Small service, big impact
Many DDoS attacks utilise small UDP services such as NTP, DNS and even Chargen because of the small request and large payload. Definitely look at switching these off or at least blocking access to all but your own hosts that require access. Most routers will never have a need to run such services in real-world deployments and are very often abused, as bots will scan for them regularly.
Lastly, and probably most painfully for many network engineers is the lack of saving the configuration of network devices. The simple (and the almost subconsciously habitual) command, ‘write memory’ can save a world of pain after making configuration changes on a device. If the device is rebooted without running this, any changes made since the last ‘write memory’ will be lost. If this includes configuration that covers the remote administration of the device in question, it can often mean a long drive to the data centre before the device can be recovered. See my previous blog on “Out of Band Networks” for more on that scenario.

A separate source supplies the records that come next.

theorem lemma5p9:
  fixes p e f :: nat and c1 c2 :: int and a b s t :: "nat \<Rightarrow> int"
    and J :: "nat set" and x :: "nat \<Rightarrow> int"
  assumes "prime p" and "f \<ge> 1" and "e \<ge> 1"
    and "weakly_generic p e f c1 c2"
    and "serre_weight p f a b"
    and "\<forall>\<tau><f. s \<tau> \<ge> 0 \<and> t \<tau> \<ge> 0"
    and "\<forall>\<tau><f. s \<tau> + t \<tau> = a \<tau> - b \<tau> + int e"
    and "\<forall>\<tau><f. s \<tau> \<ge> a \<tau> - b \<tau> + 1 \<or> t \<tau> \<ge> a \<tau> - b \<tau> + 1"
    and "restr_is p f c1 s" and "restr_is p f c2 t"
    and "J = {\<tau>. \<tau> < f \<and> t \<tau> \<le> int e - 1}"
    and "x = (\<lambda>\<tau>. if \<tau> < f then (if \<tau> \<in> J then s \<tau> - (a \<tau> - b \<tau> + 1) else s \<tau>) else 0)"
    and "(J, x) \<in> S_set p e f c1 c2 a b"
    and "\<forall>y \<in> S_set p e f c1 c2 a b. S_le p f a b y (J, x)"
  shows "J = {\<tau>. \<tau> < f \<and> t \<tau> < a \<tau> - b \<tau> + 1}"
proof
  show "{\<tau>. \<tau> < f \<and> t \<tau> < a \<tau> - b \<tau> + 1} \<subseteq> J"
    using assms(7,8,11) by force
next
  have p: "p \<ge> 2" using assms(1) by (rule prime_ge_2_nat)
  have r: "\<And>i. i < f \<Longrightarrow> 0 \<le> a i - b i \<and> a i - b i \<le> int p - 1"
    using assms(5) unfolding serre_weight_def by auto
  show "J \<subseteq> {\<tau>. \<tau> < f \<and> t \<tau> < a \<tau> - b \<tau> + 1}"
  proof (rule subsetI, rule ccontr)
    fix \<tau> assume "\<tau> \<in> J" and "\<tau> \<notin> {\<tau>. \<tau> < f \<and> t \<tau> < a \<tau> - b \<tau> + 1}"
    then have \<tau>: "\<tau> < f" "a \<tau> - b \<tau> + 1 \<le> t \<tau>" "t \<tau> \<le> int e - 1" using assms(11) by auto
    obtain n where n: "\<And>i. i < f \<Longrightarrow> int e \<le> n i \<and> n i \<le> int p - int e"
      and "(int p ^ f - 1) dvd Omega p f 0 (\<lambda>i. n i - s i + t i)"
      using weakly_generic_dvd_Omega[OF assms(4,9,10)] by blast
    then have "(int p ^ f - 1) dvd Omega p f \<tau> (\<lambda>i. n i - s i + t i)"
      using Omega_dvd_iff assms(2) by blast
    moreover have "1 - int p \<le> n i - s i + t i \<and> n i - s i + t i \<le> 2 * int p - 1" if "i < f" for i
      using that n r assms(6,7) by force
    moreover have "2 \<le> n \<tau> - s \<tau> + t \<tau>" "n \<tau> - s \<tau> + t \<tau> \<le> int p - 2"
      using \<tau> n r assms(7) by force+
    moreover define q where "q = (\<tau> + (f - 1)) mod f"
    ultimately have f: "f \<ge> 2" and pred_digit: "n q - s q + t q \<ge> 2 * int p - 2"
      using Omega_dvd_pred_digit_ge[OF p \<tau>(1), of "\<lambda>i. n i - s i + t i"] by auto
    have q: "q < f" using assms(2) unfolding q_def by simp
    with pred_digit have "s q = 0" "int p - 2 \<le> a q - b q"
      using n r assms(6,7) by force+
    with q have "q \<notin> J" "x q = 0" "int p - int e \<le> a q - b q"
      using r p \<tau> assms(7,11,12) by force+
    moreover have "0 \<le> a \<tau> - b \<tau> + x \<tau>" "a \<tau> - b \<tau> + x \<tau> \<le> int e - 1"
      using \<tau> \<open>\<tau> \<in> J\<close> r assms(7,12) by force+
    ultimately obtain y where "y \<in> S_set p e f c1 c2 a b" "\<not> S_le p f a b y (J, x)"
      using S_set_carry_not_maximal[OF assms(13) p f \<open>\<tau> \<in> J\<close> q_def] r q by blast
    then show False using assms(14) by blast
  qed
qed

end
(* Let $(\Theta,\mathbf{Q},\leq)$ be a $\Theta$-projective system of size $t$ in an artin triangulated $R$-category $\mathcal{T}$, with triangles $K(i)\to Q(i)\xrightarrow{\beta_i}\Theta(i)\to K(i)[1]$. Then: (a) for each $i\in[1,t]$, $\beta_i:Q(i)\to\Theta(i)$ is a $\mathcal{P}(\Theta)$-cover of $\Theta(i)$; (b) if $(\Theta,\mathbf{Q}',\leq)$ is another $\Theta$-projective system of size $t$ in $\mathcal{T}$ with maps $\beta'_i:Q'(i)\to\Theta(i)$, then for each $i$ there is an isomorphism $\rho_i:Q(i)\to Q'(i)$ with $\beta'_i\rho_i=\beta_i$.
   Context: Artin triangulated $R$-category: triangulated, $R$ commutative artinian, Hom-sets finitely generated $R$-modules, $R$-bilinear composition, $R$-linear shift, Krull–Schmidt. $\mathfrak{F}(\mathcal{X})$: objects $M$ admitting distinguished triangles $M_{k-1}\to M_k\to X_k\to M_{k-1}[1]$ ($k=0,\dots,n$), $M_{-1}=0=X_0$, $M_n=M$, $X_k\in\mathcal{X}$ for $k\ge1$. A $\Theta$-projective system of size $t$: $\le$ a linear order on $[1,t]$; $\Theta(i)$ non-zero with $\mathrm{Hom}(\Theta(j),\Theta(i))=0$ for $j>i$; $Q(i)$ indecomposable with $Q=\bigoplus Q(i)$ satisfying $\mathrm{Hom}(Q,\Theta(j)[\pm1])=0$ for all $j$; for each $i$ a distinguished triangle $K(i)\to Q(i)\xrightarrow{\beta_i}\Theta(i)\to K(i)[1]$ with $K(i)\in\mathfrak{F}(\{\Theta(j):j>i\})$, $\mathrm{Hom}(K(i)[1],\Theta(i))=0$. $\mathcal{P}(\Theta)=\{X:\mathrm{Hom}(X,L[1])=0\ \forall L\in\mathfrak{F}(\Theta)\}$. A $\mathcal{P}(\Theta)$-cover of $C$ is a morphism $f:X\to C$ with $X\in\mathcal{P}(\Theta)$ such that every morphism $X'\to C$ with $X'\in\mathcal{P}(\Theta)$ factors through $f$, and $f$ is right minimal (any $g:X\to X$ with $fg=f$ is an isomorphism). *)

theory Defs
  imports Main
begin

text \<open>Objects are the elements of type 'o, morphisms are elements of type 'm
  (typed by the hom-sets), 'r is the commutative ground ring R.
  tri is the class of distinguished triangles (X,Y,Z,u,v,w) with
  u : X -> Y, v : Y -> Z, w : Z -> X[1].\<close>

record ('o, 'm, 'r) tricat =
  hom  :: "'o \<Rightarrow> 'o \<Rightarrow> 'm set"
  comp :: "'m \<Rightarrow> 'm \<Rightarrow> 'm"       (* comp g f = g o f *)
  idm  :: "'o \<Rightarrow> 'm"
  add  :: "'m \<Rightarrow> 'm \<Rightarrow> 'm"
  zer  :: "'o \<Rightarrow> 'o \<Rightarrow> 'm"
  neg  :: "'m \<Rightarrow> 'm"
  smul :: "'r \<Rightarrow> 'm \<Rightarrow> 'm"
  shO  :: "'o \<Rightarrow> 'o"
  shM  :: "'m \<Rightarrow> 'm"
  tri  :: "('o \<times> 'o \<times> 'o \<times> 'm \<times> 'm \<times> 'm) set"

definition is_category :: "('o,'m,'r) tricat \<Rightarrow> bool" where
  "is_category C \<longleftrightarrow>
     (\<forall>X Y Z f g. f \<in> hom C X Y \<longrightarrow> g \<in> hom C Y Z \<longrightarrow> comp C g f \<in> hom C X Z) \<and>
     (\<forall>X. idm C X \<in> hom C X X) \<and>
     (\<forall>X Y f. f \<in> hom C X Y \<longrightarrow> comp C f (idm C X) = f \<and> comp C (idm C Y) f = f) \<and>
     (\<forall>W X Y Z f g h. f \<in> hom C W X \<longrightarrow> g \<in> hom C X Y \<longrightarrow> h \<in> hom C Y Z \<longrightarrow>
        comp C h (comp C g f) = comp C (comp C h g) f)"
(* Let $(X,* )$ be an infinite compact metrizable group with identity $e$, and let $f\colon X\to X$ be a continuous group homomorphism which is transitive and satisfies $\overline{\mathcal M(f)}=X$. Let $S\subset X$ be a syndetically scrambled set for $f$ with $e\in S$, let $x\in\mathrm{Tran}(f)$, and put $T=S*x=\{a*x:a\in S\}$. Then: (i) $T$ is homeomorphic to $S$ and $T$ is syndetically scrambled for $f$; moreover, if $d$ is a two-sided invariant compatible metric on $X$ and $S$ is syndetically $\varepsilon$-scrambled with respect to $d$, then so is $T$; (ii) $T\subset\mathrm{Tran}(f)$, and for every $y\in T$ the orbit closure $\overline{\{f^n(y):n\ge0\}}$ contains infinitely many distinct minimal sets; (iii) $\mathrm{SProx}(f)(y)\cap\mathcal M(f)=\emptyset$ for every $y\in T$.
   Context: $X$ is a compact metric space, $f$ continuous. $\mathrm{Tran}(f)$ is the set of points with dense forward orbit; $f$ is transitive if for all nonempty open $U,V$ there is $n\in\mathbb N$ with $f^n(U)\cap V\ne\emptyset$. A minimal set is a nonempty closed $f$-invariant set with no proper nonempty closed invariant subset; $\mathcal M(f)$ is the set of points belonging to some minimal set. A metric $d$ is two-sided invariant if $d(a,b)=d(a*z,b*z)=d(z*a,z*b)$. Syndetic: a subset of $\mathbb N$ meeting every set containing arbitrarily long runs of consecutive integers. $\mathrm{Asy}(f)=\{(x,y):\lim_n d(f^n x,f^n y)=0\}$; $\mathrm{SProx}(f)=\{(x,y): \{n: d(f^nx,f^ny)<\varepsilon\}$ syndetic for all $\varepsilon>0\}$, and $\mathrm{SProx}(f)(y)=\{z:(y,z)\in\mathrm{SProx}(f)\}$. A set with at least two points is syndetically scrambled if all pairs of distinct points lie in $\mathrm{SProx}(f)\setminus\mathrm{Asy}(f)$; syndetically $\varepsilon$-scrambled if moreover $\limsup_n d(f^nx,f^ny)\ge\varepsilon$ for all distinct $x,y$ in it. *)

theory Defs
  imports "HOL-Analysis.Analysis"
begin

definition transitive_map :: "('a::topological_space \<Rightarrow> 'a) \<Rightarrow> bool" where
  "transitive_map f \<longleftrightarrow>
     (\<forall>U V. open U \<and> open V \<and> U \<noteq> {} \<and> V \<noteq> {} \<longrightarrow>
        (\<exists>n::nat. n \<ge> 1 \<and> (f ^^ n) ` U \<inter> V \<noteq> {}))"

definition forward_orbit :: "('a \<Rightarrow> 'a) \<Rightarrow> 'a \<Rightarrow> 'a set" where
  "forward_orbit f x = range (\<lambda>n. (f ^^ n) x)"

definition Tran :: "('a::topological_space \<Rightarrow> 'a) \<Rightarrow> 'a set" where
  "Tran f = {x. closure (forward_orbit f x) = UNIV}"

definition minimal_set :: "('a::topological_space \<Rightarrow> 'a) \<Rightarrow> 'a set \<Rightarrow> bool" where
  "minimal_set f M \<longleftrightarrow> M \<noteq> {} \<and> closed M \<and> f ` M \<subseteq> M \<and>
     (\<forall>N. N \<subseteq> M \<and> N \<noteq> {} \<and> closed N \<and> f ` N \<subseteq> N \<longrightarrow> N = M)"

definition minimal_points :: "('a::topological_space \<Rightarrow> 'a) \<Rightarrow> 'a set" where
  "minimal_points f = \<Union>{M. minimal_set f M}"

definition syndetic :: "nat set \<Rightarrow> bool" where
  "syndetic A \<longleftrightarrow> (\<forall>B. (\<forall>L. \<exists>m. {m..<m+L} \<subseteq> B) \<longrightarrow> A \<inter> B \<noteq> {})"

definition Asy :: "('a \<Rightarrow> 'a \<Rightarrow> real) \<Rightarrow> ('a \<Rightarrow> 'a) \<Rightarrow> ('a \<times> 'a) set" where
  "Asy d f = {(x, y). (\<lambda>n. d ((f ^^ n) x) ((f ^^ n) y)) \<longlonglongrightarrow> 0}"

definition SProx :: "('a \<Rightarrow> 'a \<Rightarrow> real) \<Rightarrow> ('a \<Rightarrow> 'a) \<Rightarrow> ('a \<times> 'a) set" where
  "SProx d f = {(x, y). \<forall>\<epsilon>>0. syndetic {n. d ((f ^^ n) x) ((f ^^ n) y) < \<epsilon>}}"

definition synd_scrambled :: "('a \<Rightarrow> 'a \<Rightarrow> real) \<Rightarrow> ('a \<Rightarrow> 'a) \<Rightarrow> 'a set \<Rightarrow> bool" where
  "synd_scrambled d f S \<longleftrightarrow> (\<exists>a\<in>S. \<exists>b\<in>S. a \<noteq> b) \<and>
     (\<forall>x\<in>S. \<forall>y\<in>S. x \<noteq> y \<longrightarrow> (x, y) \<in> SProx d f - Asy d f)"

definition synd_eps_scrambled :: "('a \<Rightarrow> 'a \<Rightarrow> real) \<Rightarrow> ('a \<Rightarrow> 'a) \<Rightarrow> real \<Rightarrow> 'a set \<Rightarrow> bool" where
  "synd_eps_scrambled d f \<epsilon> S \<longleftrightarrow> synd_scrambled d f S \<and>
     (\<forall>x\<in>S. \<forall>y\<in>S. x \<noteq> y \<longrightarrow>
        limsup (\<lambda>n. ereal (d ((f ^^ n) x) ((f ^^ n) y))) \<ge> ereal \<epsilon>)"

definition compatible_metric :: "('a::topological_space \<Rightarrow> 'a \<Rightarrow> real) \<Rightarrow> bool" where
  "compatible_metric d \<longleftrightarrow>
     (\<forall>x y. d x y = 0 \<longleftrightarrow> x = y) \<and> (\<forall>x y. d x y = d y x) \<and>
     (\<forall>x y z. d x z \<le> d x y + d y z) \<and>
     (\<forall>U. open U \<longleftrightarrow> (\<forall>x\<in>U. \<exists>r>0. \<forall>y. d x y < r \<longrightarrow> y \<in> U))"

definition two_sided_invariant :: "('a::plus \<Rightarrow> 'a \<Rightarrow> real) \<Rightarrow> bool" where
  "two_sided_invariant d \<longleftrightarrow> (\<forall>a b z. d a b = d (a + z) (b + z) \<and> d a b = d (z + a) (z + b))"

end

theory Submission
  imports Defs
begin

(*
  First, right translation a \<mapsto> a + x commutes with the dynamics up to the
  translation itself: f^n(a + x) = f^n a + f^n x.  By compactness, translations
  are uniformly equicontinuous, so syndetic proximality and asymptoticity are
  preserved by translation; for a two-sided invariant metric the distances are even
  unchanged.  This gives part (i).

  Second, a recurrence principle: if an orbit of a continuous map h on a compact
  space is syndetically close to a quantity g (i.e. g(h^n w) < \<epsilon> along a syndetic
  set for every \<epsilon> > 0), then every compact h-invariant set K meeting the orbit closure
  of w contains a point of that orbit closure where g \<le> 0; otherwise the orbit would
  spend arbitrarily long stretches of time in {g > \<delta>}.  Applied to the product map
  f \<times> f, this shows:
   - if (0, a) is syndetically proximal and x is transitive, then every minimal set
     meets, hence lies in, the orbit closure of a + x, so a + x is transitive (ii);
   - a transitive point is never syndetically proximal to a point of a minimal set,
     as soon as there is a second minimal set (iii).
  Finally, density of the minimal points in an infinite space together with the
  fixed point 0 forces infinitely many minimal sets, which completes (ii) and (iii).
*)

subsection \<open>Iterates and orbit closures\<close>

lemma funpow_map_prod:
  "(map_prod (f :: 'b \<Rightarrow> 'b) (g :: 'c \<Rightarrow> 'c) ^^ n) (u, v) = ((f ^^ n) u, (g ^^ n) v)"
  by (induction n) (simp_all add: funpow.simps)

lemma continuous_on_funpow:
  fixes h :: "'b::topological_space \<Rightarrow> 'b"
  assumes "continuous_on UNIV h"
  shows "continuous_on UNIV (h ^^ n)"
proof (induction n)
  case (Suc n)
  then show ?case
    using continuous_on_compose2[OF assms Suc] by (simp add: o_def)
qed (simp add: continuous_on_id)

I’ve raised a few points here, but in reality this is barely scratching the surface when it comes to router security. In addition to the above, it’s worth ensuring that your BGP configuration is secure, your OSPF is not advertising LSAs from the wrong interfaces, your EIGRP keys are long and hard to crack, your prefixes have the correct RPKI origin validation and much, much more.
I think the key message here should be to write your network security policy and make it relevant to the organisation it serves. Stick to it like glue for every device and do not make one device the weak link that breaks the security chain. And importantly, don’t be hesitant to evolve your policy as and when needed.